Потом было слышно, как кто-то вздохнул.

— Сколько их тут-то, — продолжал тот же голос, — стра-асть! Ежели по одной на хозяйство распределить, на две Марьевки хватит!

— Куды-ы там, на всех достанется! — согласился поспешно другой голос.

Бурмин остановился. Один из говоривших был повар Димитрий — он сразу узнал его по голосу.

— Кобылу я давно облюбовал себе, и-ых, и кобыла!.. — продолжал Димитрий, понижая голос. — Полста пудов упрет — не крякнет, да еще годовичка на примете держу… Хозяйство справлю первый сорт!

— Форменно справишь! — поддержал другой и, помолчав, раздумчиво проговорил:

— Ну, только я тебе, Митрий Егорыч, скажу — неспособна такая лошадь для крестьянского дела, к другой жизни приучена, и опять же корма… Заводская лошадь она не стоит, играет…

— Игра-ает! — насмешливо перебил Димитрий. — Играет она с жиру, небось у меня не заиграет, накручу воз потяжелее, да заместо овса соломки, сразу осажу в правильное положение, всех господ позабудет!

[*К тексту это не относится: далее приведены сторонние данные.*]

lemma X_mult_expsq_integrable: "i \<in> I \<Longrightarrow> J \<subseteq> I \<Longrightarrow> integrable M (\<lambda>\<omega>. X i \<omega> * expsq J \<omega>)"
  using X_measurable X_nonneg X_le_1 by (intro bounded_mult_expsq_integrable) auto

lemma X_mult_X_mult_expsq_integrable:
  assumes "i \<in> I" "j \<in> I" "J \<subseteq> I"
  shows "integrable M (\<lambda>\<omega>. X i \<omega> * (X j \<omega> * expsq J \<omega>))"
proof -
  have "\<bar>X i \<omega> * X j \<omega>\<bar> \<le> 1" if "\<omega> \<in> space M" for \<omega>
    using assms that X_nonneg X_le_1 by (simp add: abs_mult mult_le_one)
  then have "integrable M (\<lambda>\<omega>. (X i \<omega> * X j \<omega>) * expsq J \<omega>)"
    using assms X_measurable by (intro bounded_mult_expsq_integrable) auto
  then show ?thesis by (simp add: mult.assoc)
qed

lemma psum_square_mult_expsq_eq:
  "(psum I \<omega>)\<^sup>2 * expsq I \<omega> = (\<Sum>i\<in>I. \<Sum>j\<in>I. X i \<omega> * (X j \<omega> * expsq I \<omega>))"
  by (simp add: psum_def power2_eq_square sum_product sum_distrib_left sum_distrib_right
      mult.assoc mult.left_commute)

lemma psum_square_mult_expsq_integrable:
  "integrable M (\<lambda>\<omega>. (psum I \<omega>)\<^sup>2 * expsq I \<omega>)"
  unfolding psum_square_mult_expsq_eq
  using X_mult_X_mult_expsq_integrable by (intro Bochner_Integration.integrable_sum) auto

lemma expectation_X_nonneg: "i \<in> I \<Longrightarrow> 0 \<le> expectation (X i)"
  using X_nonneg by (intro integral_nonneg_AE) auto

lemma expectation_expsq_ge_1: "1 \<le> expectation (expsq I)"
  using expsq_integrable expsq_ge_1 by (intro integral_ge_const) auto

lemma expectation_expsq_nonneg: "0 \<le> expectation (expsq J)"
  by (intro integral_nonneg_AE) (simp add: expsq_def)

lemma expectation_expsq_mono:
  assumes "J \<subseteq> I"
  shows "expectation (expsq J) \<le> expectation (expsq I)"
proof (rule integral_mono[OF expsq_integrable[OF assms] expsq_integrable[OF order_refl]])
  fix \<omega> assume "\<omega> \<in> space M"
  then have "(psum J \<omega>)\<^sup>2 \<le> (psum I \<omega>)\<^sup>2"
    using assms psum_nonneg psum_mono by (intro power_mono) auto
  then show "expsq J \<omega> \<le> expsq I \<omega>"
    unfolding expsq_def using lam_nonneg by (simp add: mult_left_mono)
qed
lemma card_moment_form_roots_power:
  assumes p: "prime p" and q0: "a \<le> q0" "q0 < m" "\<not> p dvd \<eta> q0"
  shows "card {v\<in>{..<p}. p dvd moment_form m a c \<eta> (z(a:=v))} \<le> m"
proof -
  define K where "K = c + (\<Sum>q<a. \<eta> q * z q) + (\<Sum>q\<in>{a..<m}. \<eta> q * (if q = m - 1 then z (a+1) else 0))"
  define f where "f = [:int K:] + (\<Sum>q\<in>{a..<m}. monom (int (\<eta> q)) (q - a + 1))"
  have "moment_form m a c \<eta> (z(a:=v)) = K + (\<Sum>q\<in>{a..<m}. \<eta> q * v ^ (q - a + 1))" for v
    unfolding moment_form_def K_def by (simp add: sum.distrib distrib_left cong: if_cong)
  then have poly_f: "int (moment_form m a c \<eta> (z(a:=v))) = poly f (int v)" for v
    by (simp add: f_def poly_sum poly_monom)
  have "coeff f (q0 - a + 1) = (\<Sum>q\<in>{a..<m}. if q - a = q0 - a then int (\<eta> q) else 0)"
    by (simp add: f_def coeff_sum)
  also have "\<dots> = (\<Sum>q\<in>{a..<m}. if q = q0 then int (\<eta> q) else 0)"
    by (rule sum.cong) (use q0 in auto)
  also have "\<dots> = int (\<eta> q0)" using q0 by simp
  finally have "\<not> int p dvd coeff f (q0 - a + 1)" using q0(3) by simp
  then have "card {t\<in>{..<p}. int p dvd poly f (int t)} \<le> degree f"
    using card_roots_mod_prime[OF p] by blast
  also have "degree f \<le> m"
  proof (rule degree_le, intro allI impI)
    fix i assume "m < i"
    then show "coeff f i = 0"
      by (cases i) (auto simp: f_def coeff_sum intro!: sum.neutral)
  qed
  finally show ?thesis by (simp add: poly_f[symmetric] del: of_nat_dvd_iff)
qed
(* Let $\mathcal{P} \subseteq \mathbb{C}^{n_p}$ be closed under conjugation ($\overline{\mathsf{p}} \in \mathcal{P}$ for all $\mathsf{p} \in \mathcal{P}$), and let $\mu$ be a measure on $\mathcal{P}$ closed under conjugation (for every measurable $S$, $\overline{S}$ is measurable and $\mu(\overline{S}) = \mu(S)$). Let $y\colon \mathcal{P} \to \mathbb{C}^{n_o \times n_i}$ be measurable, closed under conjugation ($\overline{y(\mathsf{p})} = y(\overline{\mathsf{p}})$ for all $\mathsf{p}$), and square integrable, i.e. $\int_{\mathcal{P}} \|y(\mathsf{p})\|_F^2 \,d\mu(\mathsf{p}) < \infty$. Let $\hat{\alpha}_i, \hat{\beta}_j, \hat{\gamma}_k\colon \mathcal{P} \to \mathbb{C}$ ($i = 1,\dots,q_A$, $j = 1,\dots,q_B$, $k=1,\dots,q_C$) be measurable, closed under conjugation, and satisfy \[ \int_{\mathcal{P}} \left( \frac{\sum_{j=1}^{q_B} |\hat{\beta}_j(\mathsf{p})| \sum_{k=1}^{q_C} |\hat{\gamma}_k(\mathsf{p})|}{\sum_{i=1}^{q_A} |\hat{\alpha}_i(\mathsf{p})|} \right)^{2} d\mu(\mathsf{p}) < \infty . \] For real matrices $\hat{A}_i \in \mathbb{R}^{r \times r}$, $\hat{B}_j \in \mathbb{R}^{r \times n_i}$, $\hat{C}_k \in \mathbb{R}^{n_o \times r}$ put $\hat{\mathcal{A}}(\mathsf{p}) = \sum_{i} \hat{\alpha}_i(\mathsf{p}) \hat{A}_i$, $\hat{\mathcal{B}}(\mathsf{p}) = \sum_j \hat{\beta}_j(\mathsf{p}) \hat{B}_j$, $\hat{\mathcal{C}}(\mathsf{p}) = \sum_k \hat{\gamma}_k(\mathsf{p}) \hat{C}_k$, and, where $\hat{\mathcal{A}}(\mathsf{p})$ is invertible, define the reduced state $\hat{x}(\mathsf{p}) = \hat{\mathcal{A}}(\mathsf{p})^{-1} \hat{\mathcal{B}}(\mathsf{p}) \in \mathbb{C}^{r \times n_i}$, the reduced output $\hat{y}(\mathsf{p}) = \hat{\mathcal{C}}(\mathsf{p}) \hat{x}(\mathsf{p})$, and the reduced dual state $\hat{x}_d(\mathsf{p}) \in \mathbb{C}^{r \times n_o}$ by $\hat{\mathcal{A}}(\mathsf{p})^{*} \hat{x}_d(\mathsf{p}) = \hat{\mathcal{C}}(\mathsf{p})^{*}$. Suppose the matrices $\hat{A}_1, \dots, \hat{A}_{q_A}$ satisfy $\operatorname{ess\,sup}_{\mathsf{p} \in \mathcal{P}} \|\hat{\alpha}_i(\mathsf{p}) \hat{\mathcal{A}}(\mathsf{p})^{-1}\|_F < \infty$ for $i = 1, \dots, q_A$, and that $(\hat{A}_i, \hat{B}_j, \hat{C}_k)$ is $\mathcal{L}_2$-optimal, i.e. minimizes $\mathcal{J}(\hat{A}_i,\hat{B}_j,\hat{C}_k) = \int_{\mathcal{P}} \|y(\mathsf{p}) - \hat{y}(\mathsf{p})\|_F^2 \, d\mu(\mathsf{p})$. Then \begin{align*} \int_{\mathcal{P}} \hat{\gamma}_k(\overline{\mathsf{p}})\, y(\mathsf{p}) \hat{x}(\mathsf{p})^{*} \, d\mu(\mathsf{p}) &= \int_{\mathcal{P}} \hat{\gamma}_k(\overline{\mathsf{p}})\, \hat{y}(\mathsf{p}) \hat{x}(\mathsf{p})^{*} \, d\mu(\mathsf{p}), & k &= 1,\dots,q_C,\\ \int_{\mathcal{P}} \hat{\beta}_j(\overline{\mathsf{p}})\, \hat{x}_d(\mathsf{p}) y(\mathsf{p}) \, d\mu(\mathsf{p}) &= \int_{\mathcal{P}} \hat{\beta}_j(\overline{\mathsf{p}})\, \hat{x}_d(\mathsf{p}) \hat{y}(\mathsf{p}) \, d\mu(\mathsf{p}), & j &= 1,\dots,q_B,\\ \int_{\mathcal{P}} \hat{\alpha}_i(\overline{\mathsf{p}})\, \hat{x}_d(\mathsf{p}) y(\mathsf{p}) \hat{x}(\mathsf{p})^{*} \, d\mu(\mathsf{p}) &= \int_{\mathcal{P}} \hat{\alpha}_i(\overline{\mathsf{p}})\, \hat{x}_d(\mathsf{p}) \hat{y}(\mathsf{p}) \hat{x}(\mathsf{p})^{*} \, d\mu(\mathsf{p}), & i &= 1,\dots,q_A. \end{align*}
   Context: $\|\cdot\|_F$ is the Frobenius norm and $(\cdot)^{*}$ the conjugate transpose. The minimization of $\mathcal{J}$ is over all real matrices $\hat{A}_i \in \mathbb{R}^{r\times r}$, $\hat{B}_j \in \mathbb{R}^{r \times n_i}$, $\hat{C}_k \in \mathbb{R}^{n_o \times r}$ with the scalar functions $\hat{\alpha}_i,\hat{\beta}_j,\hat{\gamma}_k$ and the reduced order $r$ fixed. *)

theory Defs
  imports "HOL-Analysis.Analysis" "HOL-Probability.Essential_Supremum"
begin

definition vconj :: "complex^'n \<Rightarrow> complex^'n" where
  "vconj p = (\<chi> i. cnj (p $ i))"

definition mconj :: "complex^'n^'m \<Rightarrow> complex^'n^'m" where
  "mconj M = (\<chi> a b. cnj (M $ a $ b))"

definition mstar :: "complex^'n^'m \<Rightarrow> complex^'m^'n" where
  "mstar M = transpose (mconj M)"

definition fro_norm :: "complex^'n^'m \<Rightarrow> real" where
  "fro_norm M = sqrt (\<Sum>a\<in>UNIV. \<Sum>b\<in>UNIV. (cmod (M $ a $ b))\<^sup>2)"

definition cmat :: "real^'n^'m \<Rightarrow> complex^'n^'m" where
  "cmat A = (\<chi> a b. complex_of_real (A $ a $ b))"

definition cscale :: "complex \<Rightarrow> complex^'n^'m \<Rightarrow> complex^'n^'m" where
  "cscale c M = (\<chi> a b. c * M $ a $ b)"

text \<open>Affine parameter dependence \<open>\<Sum>_{i<q} f_i(p) M_i\<close> (indices \<open>0..q-1\<close>).\<close>
definition pmat :: "nat \<Rightarrow> (nat \<Rightarrow> 'p \<Rightarrow> complex) \<Rightarrow> (nat \<Rightarrow> real^'n^'m) \<Rightarrow> 'p \<Rightarrow> complex^'n^'m" where
  "pmat q f M p = (\<Sum>i<q. cscale (f i p) (cmat (M i)))"

definition xhat :: "nat \<Rightarrow> (nat \<Rightarrow> 'p \<Rightarrow> complex) \<Rightarrow> (nat \<Rightarrow> real^'r^'r)
   \<Rightarrow> nat \<Rightarrow> (nat \<Rightarrow> 'p \<Rightarrow> complex) \<Rightarrow> (nat \<Rightarrow> real^'ni^'r) \<Rightarrow> 'p \<Rightarrow> complex^'ni^'r" where
  "xhat qA \<alpha> A qB \<beta> B p = matrix_inv (pmat qA \<alpha> A p) ** pmat qB \<beta> B p"

definition yhat :: "nat \<Rightarrow> (nat \<Rightarrow> 'p \<Rightarrow> complex) \<Rightarrow> (nat \<Rightarrow> real^'r^'r)
   \<Rightarrow> nat \<Rightarrow> (nat \<Rightarrow> 'p \<Rightarrow> complex) \<Rightarrow> (nat \<Rightarrow> real^'ni^'r)
   \<Rightarrow> nat \<Rightarrow> (nat \<Rightarrow> 'p \<Rightarrow> complex) \<Rightarrow> (nat \<Rightarrow> real^'r^'no) \<Rightarrow> 'p \<Rightarrow> complex^'ni^'no" where
  "yhat qA \<alpha> A qB \<beta> B qC \<gamma> C p = pmat qC \<gamma> C p ** xhat qA \<alpha> A qB \<beta> B p"

definition xdual :: "nat \<Rightarrow> (nat \<Rightarrow> 'p \<Rightarrow> complex) \<Rightarrow> (nat \<Rightarrow> real^'r^'r)
   \<Rightarrow> nat \<Rightarrow> (nat \<Rightarrow> 'p \<Rightarrow> complex) \<Rightarrow> (nat \<Rightarrow> real^'r^'no) \<Rightarrow> 'p \<Rightarrow> complex^'no^'r" where
  "xdual qA \<alpha> A qC \<gamma> C p = matrix_inv (mstar (pmat qA \<alpha> A p)) ** mstar (pmat qC \<gamma> C p)"

definition Jerr :: "'p measure \<Rightarrow> ('p \<Rightarrow> complex^'ni^'no)
   \<Rightarrow> nat \<Rightarrow> (nat \<Rightarrow> 'p \<Rightarrow> complex) \<Rightarrow> (nat \<Rightarrow> real^'r^'r)
   \<Rightarrow> nat \<Rightarrow> (nat \<Rightarrow> 'p \<Rightarrow> complex) \<Rightarrow> (nat \<Rightarrow> real^'ni^'r)
   \<Rightarrow> nat \<Rightarrow> (nat \<Rightarrow> 'p \<Rightarrow> complex) \<Rightarrow> (nat \<Rightarrow> real^'r^'no) \<Rightarrow> ennreal" where
  "Jerr \<mu> y qA \<alpha> A qB \<beta> B qC \<gamma> C =
     (\<integral>\<^sup>+ p. ennreal ((fro_norm (y p - yhat qA \<alpha> A qB \<beta> B qC \<gamma> C p))\<^sup>2) \<partial>\<mu>)"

Самым странным в этом разговоре Бурмину показалось то, что его повар говорит о каком-то хозяйстве, что у Димитрия в Марьевке есть хозяйство… Это его удивило и рассердило. Димитрий был повар, человек, приставленный к кухонной плите. Девять лет изо дня в день каждое утро он подавал ему через Адель Максимовну на утверждение письменное требование на продукты, необходимые на обед, завтрак, ужин; девять лет мысль Бурмина не отделяла имени Димитрия от рода определенных, точных названий: ботвинья, бульон, битки, суфле, бланманже и пр.; девять лет по понедельникам он ходил с ним в баню, раздевал, мыл и одевал его, и никогда Бурмин не замечал, чтобы у повара Димитрия была еще жизнь, кроме жизни кухонной и понедельничной банной… И вдруг — какое-то хозяйство, марьевские интересы, собственная лошадь?! Повар — и собственное хозяйство! Повар — и собственная лошадь! Повар — и такие разговоры?!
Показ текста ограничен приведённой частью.